(PROVIDED ENTRIES begins)

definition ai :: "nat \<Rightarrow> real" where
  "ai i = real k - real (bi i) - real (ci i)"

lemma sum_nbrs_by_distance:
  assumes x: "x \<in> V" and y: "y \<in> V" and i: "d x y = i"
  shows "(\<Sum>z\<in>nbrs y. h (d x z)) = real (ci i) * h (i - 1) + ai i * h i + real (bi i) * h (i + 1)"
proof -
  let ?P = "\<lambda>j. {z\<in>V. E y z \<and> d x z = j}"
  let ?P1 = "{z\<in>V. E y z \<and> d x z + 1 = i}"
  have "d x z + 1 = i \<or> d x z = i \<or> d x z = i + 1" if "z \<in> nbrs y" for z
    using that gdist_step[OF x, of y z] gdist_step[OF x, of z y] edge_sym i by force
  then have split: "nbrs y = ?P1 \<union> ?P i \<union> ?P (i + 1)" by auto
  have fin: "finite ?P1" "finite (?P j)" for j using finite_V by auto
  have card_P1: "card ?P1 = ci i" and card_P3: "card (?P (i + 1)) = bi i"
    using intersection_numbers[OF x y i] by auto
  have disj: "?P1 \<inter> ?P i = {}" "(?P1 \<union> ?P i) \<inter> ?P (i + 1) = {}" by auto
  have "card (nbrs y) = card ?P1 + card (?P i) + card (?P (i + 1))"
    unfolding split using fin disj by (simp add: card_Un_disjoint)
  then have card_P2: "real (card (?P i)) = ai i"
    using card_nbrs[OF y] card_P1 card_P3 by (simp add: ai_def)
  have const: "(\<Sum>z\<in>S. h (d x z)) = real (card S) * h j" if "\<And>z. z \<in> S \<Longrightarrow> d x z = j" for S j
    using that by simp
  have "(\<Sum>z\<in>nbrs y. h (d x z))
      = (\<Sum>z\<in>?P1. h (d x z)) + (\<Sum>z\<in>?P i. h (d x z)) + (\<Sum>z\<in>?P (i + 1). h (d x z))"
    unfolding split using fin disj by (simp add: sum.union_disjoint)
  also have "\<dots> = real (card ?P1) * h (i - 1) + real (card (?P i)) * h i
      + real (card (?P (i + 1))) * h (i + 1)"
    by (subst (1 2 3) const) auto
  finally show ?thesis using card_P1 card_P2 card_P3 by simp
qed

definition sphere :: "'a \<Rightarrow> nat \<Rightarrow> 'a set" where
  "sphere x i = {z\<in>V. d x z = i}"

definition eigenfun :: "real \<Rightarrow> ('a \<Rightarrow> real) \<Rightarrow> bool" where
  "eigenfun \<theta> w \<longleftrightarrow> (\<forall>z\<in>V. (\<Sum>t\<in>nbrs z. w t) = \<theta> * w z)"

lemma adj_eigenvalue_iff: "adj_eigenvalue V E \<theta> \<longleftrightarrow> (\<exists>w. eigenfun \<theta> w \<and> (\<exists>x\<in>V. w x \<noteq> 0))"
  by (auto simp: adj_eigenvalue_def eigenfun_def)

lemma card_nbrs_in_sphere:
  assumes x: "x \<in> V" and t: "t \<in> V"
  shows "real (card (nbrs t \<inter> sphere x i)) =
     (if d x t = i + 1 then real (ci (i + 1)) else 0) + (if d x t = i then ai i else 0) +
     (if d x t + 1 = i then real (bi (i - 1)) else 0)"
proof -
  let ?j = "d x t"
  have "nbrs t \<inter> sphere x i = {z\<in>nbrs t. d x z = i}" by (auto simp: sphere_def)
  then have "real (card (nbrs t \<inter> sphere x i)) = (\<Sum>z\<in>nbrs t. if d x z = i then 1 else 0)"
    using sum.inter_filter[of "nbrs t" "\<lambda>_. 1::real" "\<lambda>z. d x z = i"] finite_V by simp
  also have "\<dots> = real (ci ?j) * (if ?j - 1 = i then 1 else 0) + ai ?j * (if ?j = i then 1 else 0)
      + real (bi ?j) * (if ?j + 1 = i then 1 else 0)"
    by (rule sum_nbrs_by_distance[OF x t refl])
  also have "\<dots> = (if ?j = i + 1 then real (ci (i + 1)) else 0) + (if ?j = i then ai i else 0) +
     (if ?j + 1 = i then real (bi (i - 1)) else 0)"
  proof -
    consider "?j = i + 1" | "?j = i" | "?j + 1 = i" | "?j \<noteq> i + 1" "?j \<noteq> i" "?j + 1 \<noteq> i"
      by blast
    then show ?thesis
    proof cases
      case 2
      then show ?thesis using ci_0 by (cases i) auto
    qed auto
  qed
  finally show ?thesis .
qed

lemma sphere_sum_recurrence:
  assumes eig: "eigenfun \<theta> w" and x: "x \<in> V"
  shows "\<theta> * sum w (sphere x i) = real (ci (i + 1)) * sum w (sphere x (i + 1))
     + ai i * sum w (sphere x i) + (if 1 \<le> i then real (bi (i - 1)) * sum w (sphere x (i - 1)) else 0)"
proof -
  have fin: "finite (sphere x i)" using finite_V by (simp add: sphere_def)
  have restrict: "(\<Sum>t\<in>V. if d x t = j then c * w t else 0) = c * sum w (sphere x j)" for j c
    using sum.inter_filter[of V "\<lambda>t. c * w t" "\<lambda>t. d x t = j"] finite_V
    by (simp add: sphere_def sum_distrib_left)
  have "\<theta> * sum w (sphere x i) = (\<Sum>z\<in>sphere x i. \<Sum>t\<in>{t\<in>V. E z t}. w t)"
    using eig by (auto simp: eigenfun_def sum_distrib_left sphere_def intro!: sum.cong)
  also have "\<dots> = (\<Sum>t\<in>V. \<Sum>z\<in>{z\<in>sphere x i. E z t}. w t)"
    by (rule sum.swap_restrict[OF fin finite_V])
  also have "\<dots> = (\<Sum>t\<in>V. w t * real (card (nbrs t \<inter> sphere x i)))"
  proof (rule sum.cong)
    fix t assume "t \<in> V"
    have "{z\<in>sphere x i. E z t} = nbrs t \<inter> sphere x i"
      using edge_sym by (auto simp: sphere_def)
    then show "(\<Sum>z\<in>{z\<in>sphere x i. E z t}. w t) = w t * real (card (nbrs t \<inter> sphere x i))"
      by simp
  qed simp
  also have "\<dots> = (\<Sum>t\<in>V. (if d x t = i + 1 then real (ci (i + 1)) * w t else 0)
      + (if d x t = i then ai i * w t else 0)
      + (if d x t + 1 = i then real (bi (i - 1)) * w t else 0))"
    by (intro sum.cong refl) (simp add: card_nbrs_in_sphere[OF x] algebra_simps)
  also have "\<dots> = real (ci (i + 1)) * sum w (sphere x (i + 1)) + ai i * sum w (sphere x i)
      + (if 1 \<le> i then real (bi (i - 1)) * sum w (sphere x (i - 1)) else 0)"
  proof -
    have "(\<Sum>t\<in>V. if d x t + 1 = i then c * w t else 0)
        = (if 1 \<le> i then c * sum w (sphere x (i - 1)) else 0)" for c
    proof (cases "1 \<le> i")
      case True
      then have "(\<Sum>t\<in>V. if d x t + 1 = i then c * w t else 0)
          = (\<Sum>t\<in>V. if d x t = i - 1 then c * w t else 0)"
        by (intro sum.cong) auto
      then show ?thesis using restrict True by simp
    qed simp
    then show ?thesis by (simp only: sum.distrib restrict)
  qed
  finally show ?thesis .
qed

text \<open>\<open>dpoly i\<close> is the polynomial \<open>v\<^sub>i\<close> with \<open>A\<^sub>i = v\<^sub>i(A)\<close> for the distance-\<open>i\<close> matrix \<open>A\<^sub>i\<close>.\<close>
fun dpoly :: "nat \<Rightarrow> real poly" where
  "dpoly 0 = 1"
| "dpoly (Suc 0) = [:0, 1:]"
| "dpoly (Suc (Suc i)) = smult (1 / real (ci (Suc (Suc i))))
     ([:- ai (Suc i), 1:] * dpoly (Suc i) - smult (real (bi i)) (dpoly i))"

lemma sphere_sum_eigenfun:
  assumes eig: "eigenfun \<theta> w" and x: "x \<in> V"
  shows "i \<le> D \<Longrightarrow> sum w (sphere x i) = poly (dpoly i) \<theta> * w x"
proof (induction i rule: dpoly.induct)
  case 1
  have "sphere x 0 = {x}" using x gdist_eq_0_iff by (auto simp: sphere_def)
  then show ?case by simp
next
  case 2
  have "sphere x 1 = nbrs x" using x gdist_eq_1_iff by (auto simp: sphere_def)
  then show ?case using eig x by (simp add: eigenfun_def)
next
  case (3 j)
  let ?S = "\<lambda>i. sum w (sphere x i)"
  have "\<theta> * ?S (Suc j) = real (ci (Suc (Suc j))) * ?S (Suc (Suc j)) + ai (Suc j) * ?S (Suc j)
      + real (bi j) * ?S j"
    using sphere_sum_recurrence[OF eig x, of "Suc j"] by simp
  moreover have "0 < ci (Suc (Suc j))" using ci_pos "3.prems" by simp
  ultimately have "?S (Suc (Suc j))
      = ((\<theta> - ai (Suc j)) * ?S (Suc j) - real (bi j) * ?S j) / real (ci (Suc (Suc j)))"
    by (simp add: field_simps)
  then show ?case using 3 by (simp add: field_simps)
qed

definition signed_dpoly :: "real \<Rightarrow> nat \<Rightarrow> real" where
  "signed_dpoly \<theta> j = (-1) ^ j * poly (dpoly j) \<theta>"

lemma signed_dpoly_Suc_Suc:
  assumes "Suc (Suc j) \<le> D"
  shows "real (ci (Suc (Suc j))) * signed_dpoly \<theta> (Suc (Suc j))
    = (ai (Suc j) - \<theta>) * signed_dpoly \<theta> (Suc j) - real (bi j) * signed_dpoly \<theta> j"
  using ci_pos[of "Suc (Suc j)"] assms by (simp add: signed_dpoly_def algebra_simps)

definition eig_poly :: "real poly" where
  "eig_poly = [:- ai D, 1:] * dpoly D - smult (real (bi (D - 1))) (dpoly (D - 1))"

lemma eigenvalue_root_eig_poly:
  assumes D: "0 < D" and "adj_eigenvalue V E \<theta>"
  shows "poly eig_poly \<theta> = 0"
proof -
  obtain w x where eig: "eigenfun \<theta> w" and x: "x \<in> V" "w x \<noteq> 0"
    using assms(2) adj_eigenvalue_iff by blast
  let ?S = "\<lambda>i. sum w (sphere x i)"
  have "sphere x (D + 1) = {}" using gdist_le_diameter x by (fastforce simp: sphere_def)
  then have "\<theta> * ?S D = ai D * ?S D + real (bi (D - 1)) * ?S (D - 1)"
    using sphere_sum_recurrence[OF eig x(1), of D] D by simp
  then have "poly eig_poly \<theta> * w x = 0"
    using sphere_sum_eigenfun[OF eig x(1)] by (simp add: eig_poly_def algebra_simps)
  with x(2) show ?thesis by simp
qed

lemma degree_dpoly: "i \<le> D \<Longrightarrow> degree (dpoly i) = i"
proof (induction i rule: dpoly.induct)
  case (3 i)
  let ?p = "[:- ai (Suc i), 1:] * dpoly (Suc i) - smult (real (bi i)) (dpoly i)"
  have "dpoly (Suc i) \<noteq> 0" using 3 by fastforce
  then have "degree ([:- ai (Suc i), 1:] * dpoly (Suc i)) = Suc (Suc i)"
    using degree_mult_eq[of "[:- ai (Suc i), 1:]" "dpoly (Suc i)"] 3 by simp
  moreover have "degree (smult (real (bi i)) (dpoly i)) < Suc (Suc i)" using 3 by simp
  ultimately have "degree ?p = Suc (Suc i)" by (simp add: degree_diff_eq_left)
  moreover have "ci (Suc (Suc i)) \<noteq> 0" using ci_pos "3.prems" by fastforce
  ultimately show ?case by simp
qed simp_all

(PROVIDED ENTRIES ends)
(PROVIDED ENTRIES begins)

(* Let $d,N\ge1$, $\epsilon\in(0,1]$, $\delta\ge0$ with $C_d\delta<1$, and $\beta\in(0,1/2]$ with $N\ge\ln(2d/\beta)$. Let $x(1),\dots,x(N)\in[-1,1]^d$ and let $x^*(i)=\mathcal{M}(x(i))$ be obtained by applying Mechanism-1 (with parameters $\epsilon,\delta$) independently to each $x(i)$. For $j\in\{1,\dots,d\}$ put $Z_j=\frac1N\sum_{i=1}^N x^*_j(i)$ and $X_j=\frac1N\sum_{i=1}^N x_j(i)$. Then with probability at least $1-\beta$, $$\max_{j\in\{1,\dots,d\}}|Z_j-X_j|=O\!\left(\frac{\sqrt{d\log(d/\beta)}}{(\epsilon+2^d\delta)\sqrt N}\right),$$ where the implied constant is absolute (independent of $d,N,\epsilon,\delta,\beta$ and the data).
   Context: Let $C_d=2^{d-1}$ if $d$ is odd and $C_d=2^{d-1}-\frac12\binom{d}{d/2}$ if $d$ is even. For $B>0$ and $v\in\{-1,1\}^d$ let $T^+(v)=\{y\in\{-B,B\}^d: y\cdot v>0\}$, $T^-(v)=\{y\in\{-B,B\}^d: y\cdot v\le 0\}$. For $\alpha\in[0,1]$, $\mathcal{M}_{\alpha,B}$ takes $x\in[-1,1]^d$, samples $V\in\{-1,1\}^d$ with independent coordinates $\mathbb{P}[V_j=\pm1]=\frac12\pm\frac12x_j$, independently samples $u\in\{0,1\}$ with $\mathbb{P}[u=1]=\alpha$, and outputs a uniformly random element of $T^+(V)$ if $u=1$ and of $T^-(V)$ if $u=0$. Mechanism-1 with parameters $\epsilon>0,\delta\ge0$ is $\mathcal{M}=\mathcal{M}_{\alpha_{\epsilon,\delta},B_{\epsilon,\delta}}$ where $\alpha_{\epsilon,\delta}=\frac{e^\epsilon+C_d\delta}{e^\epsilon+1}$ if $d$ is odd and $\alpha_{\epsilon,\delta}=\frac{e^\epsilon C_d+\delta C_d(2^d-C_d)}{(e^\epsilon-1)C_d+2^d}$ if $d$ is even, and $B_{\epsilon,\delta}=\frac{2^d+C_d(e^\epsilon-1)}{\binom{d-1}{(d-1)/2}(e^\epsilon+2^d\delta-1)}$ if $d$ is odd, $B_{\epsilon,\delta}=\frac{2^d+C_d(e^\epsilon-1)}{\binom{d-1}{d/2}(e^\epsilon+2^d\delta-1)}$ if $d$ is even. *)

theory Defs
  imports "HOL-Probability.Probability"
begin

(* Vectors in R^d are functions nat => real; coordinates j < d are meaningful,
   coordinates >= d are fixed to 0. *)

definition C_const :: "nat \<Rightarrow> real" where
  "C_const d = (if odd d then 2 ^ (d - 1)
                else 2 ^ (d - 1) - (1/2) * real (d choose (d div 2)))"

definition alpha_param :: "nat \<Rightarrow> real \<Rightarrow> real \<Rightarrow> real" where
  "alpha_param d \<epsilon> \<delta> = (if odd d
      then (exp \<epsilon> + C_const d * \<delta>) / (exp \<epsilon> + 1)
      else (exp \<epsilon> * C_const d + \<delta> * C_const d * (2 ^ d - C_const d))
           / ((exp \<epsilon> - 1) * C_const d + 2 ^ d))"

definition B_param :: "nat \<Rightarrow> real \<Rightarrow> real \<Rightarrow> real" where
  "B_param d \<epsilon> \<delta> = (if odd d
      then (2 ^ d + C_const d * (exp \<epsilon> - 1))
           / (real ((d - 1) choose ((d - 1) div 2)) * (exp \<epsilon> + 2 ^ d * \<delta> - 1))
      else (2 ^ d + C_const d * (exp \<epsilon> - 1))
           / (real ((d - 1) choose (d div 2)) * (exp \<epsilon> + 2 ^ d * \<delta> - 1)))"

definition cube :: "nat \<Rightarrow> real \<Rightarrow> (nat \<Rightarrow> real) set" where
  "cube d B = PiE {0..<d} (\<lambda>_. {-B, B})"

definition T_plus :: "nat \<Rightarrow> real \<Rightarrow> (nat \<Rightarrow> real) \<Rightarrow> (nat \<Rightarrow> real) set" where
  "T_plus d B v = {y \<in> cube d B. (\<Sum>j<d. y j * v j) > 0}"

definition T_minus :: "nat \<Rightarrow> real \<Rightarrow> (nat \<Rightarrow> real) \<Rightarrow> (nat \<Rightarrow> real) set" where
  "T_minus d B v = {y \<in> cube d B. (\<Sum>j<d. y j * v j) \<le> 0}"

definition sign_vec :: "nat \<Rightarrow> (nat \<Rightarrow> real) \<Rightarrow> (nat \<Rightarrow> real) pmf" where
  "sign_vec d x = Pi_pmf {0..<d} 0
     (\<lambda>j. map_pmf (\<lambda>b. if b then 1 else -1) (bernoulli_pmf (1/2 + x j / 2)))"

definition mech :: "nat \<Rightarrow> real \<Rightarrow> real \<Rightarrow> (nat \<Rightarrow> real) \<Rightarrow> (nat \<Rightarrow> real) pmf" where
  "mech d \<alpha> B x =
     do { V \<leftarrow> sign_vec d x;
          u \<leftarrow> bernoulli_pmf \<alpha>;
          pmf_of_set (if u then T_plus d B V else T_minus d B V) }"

(PROVIDED ENTRIES ends)
(PROVIDED ENTRIES begins)

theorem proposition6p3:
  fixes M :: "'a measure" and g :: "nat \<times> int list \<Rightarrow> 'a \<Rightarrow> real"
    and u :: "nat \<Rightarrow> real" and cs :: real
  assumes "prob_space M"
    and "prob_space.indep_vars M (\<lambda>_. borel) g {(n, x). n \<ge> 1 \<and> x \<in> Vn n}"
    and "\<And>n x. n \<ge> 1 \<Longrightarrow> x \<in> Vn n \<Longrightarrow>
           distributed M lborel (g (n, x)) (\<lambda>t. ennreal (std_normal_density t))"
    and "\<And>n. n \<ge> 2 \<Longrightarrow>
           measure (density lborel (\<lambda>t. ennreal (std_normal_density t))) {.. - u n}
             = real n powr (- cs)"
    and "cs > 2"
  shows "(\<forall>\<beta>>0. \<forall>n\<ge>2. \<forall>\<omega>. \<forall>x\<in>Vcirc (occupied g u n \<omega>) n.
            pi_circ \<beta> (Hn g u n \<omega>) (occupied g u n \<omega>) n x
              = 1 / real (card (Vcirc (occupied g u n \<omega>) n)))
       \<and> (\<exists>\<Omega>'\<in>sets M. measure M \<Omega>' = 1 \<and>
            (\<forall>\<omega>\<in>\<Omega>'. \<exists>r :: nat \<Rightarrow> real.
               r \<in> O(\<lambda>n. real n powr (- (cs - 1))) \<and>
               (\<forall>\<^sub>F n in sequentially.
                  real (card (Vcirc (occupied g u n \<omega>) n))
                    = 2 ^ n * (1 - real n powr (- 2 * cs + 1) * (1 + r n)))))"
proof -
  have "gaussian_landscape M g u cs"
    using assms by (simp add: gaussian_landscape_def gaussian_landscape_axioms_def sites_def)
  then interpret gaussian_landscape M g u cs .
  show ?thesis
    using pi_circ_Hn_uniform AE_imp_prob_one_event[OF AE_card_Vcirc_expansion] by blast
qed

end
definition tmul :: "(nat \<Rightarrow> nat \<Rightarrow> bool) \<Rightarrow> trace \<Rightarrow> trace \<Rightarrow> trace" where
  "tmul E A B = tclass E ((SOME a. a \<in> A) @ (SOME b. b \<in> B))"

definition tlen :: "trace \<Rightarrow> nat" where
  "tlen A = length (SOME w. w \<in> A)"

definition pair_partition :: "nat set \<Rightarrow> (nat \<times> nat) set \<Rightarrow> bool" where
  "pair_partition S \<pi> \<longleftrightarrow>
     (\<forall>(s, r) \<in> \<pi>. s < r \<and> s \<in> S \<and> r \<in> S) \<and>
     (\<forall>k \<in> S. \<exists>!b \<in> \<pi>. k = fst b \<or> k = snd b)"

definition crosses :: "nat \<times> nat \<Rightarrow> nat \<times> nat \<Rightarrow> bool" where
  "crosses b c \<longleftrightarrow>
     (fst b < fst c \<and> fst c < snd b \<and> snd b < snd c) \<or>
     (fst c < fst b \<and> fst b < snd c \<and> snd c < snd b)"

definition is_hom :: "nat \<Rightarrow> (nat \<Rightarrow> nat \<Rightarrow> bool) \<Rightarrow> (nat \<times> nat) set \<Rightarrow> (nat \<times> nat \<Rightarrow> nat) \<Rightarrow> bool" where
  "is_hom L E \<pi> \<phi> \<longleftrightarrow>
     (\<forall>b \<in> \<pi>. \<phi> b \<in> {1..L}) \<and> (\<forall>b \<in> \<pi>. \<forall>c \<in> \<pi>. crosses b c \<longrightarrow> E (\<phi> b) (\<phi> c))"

(PROVIDED ENTRIES ends)

_EXERCISE:_
The answer must be every line of the records above that holds the word "leftarrow".

_OUTPUT FOR THIS EXERCISE:_
     do { V \<leftarrow> sign_vec d x;
          u \<leftarrow> bernoulli_pmf \<alpha>;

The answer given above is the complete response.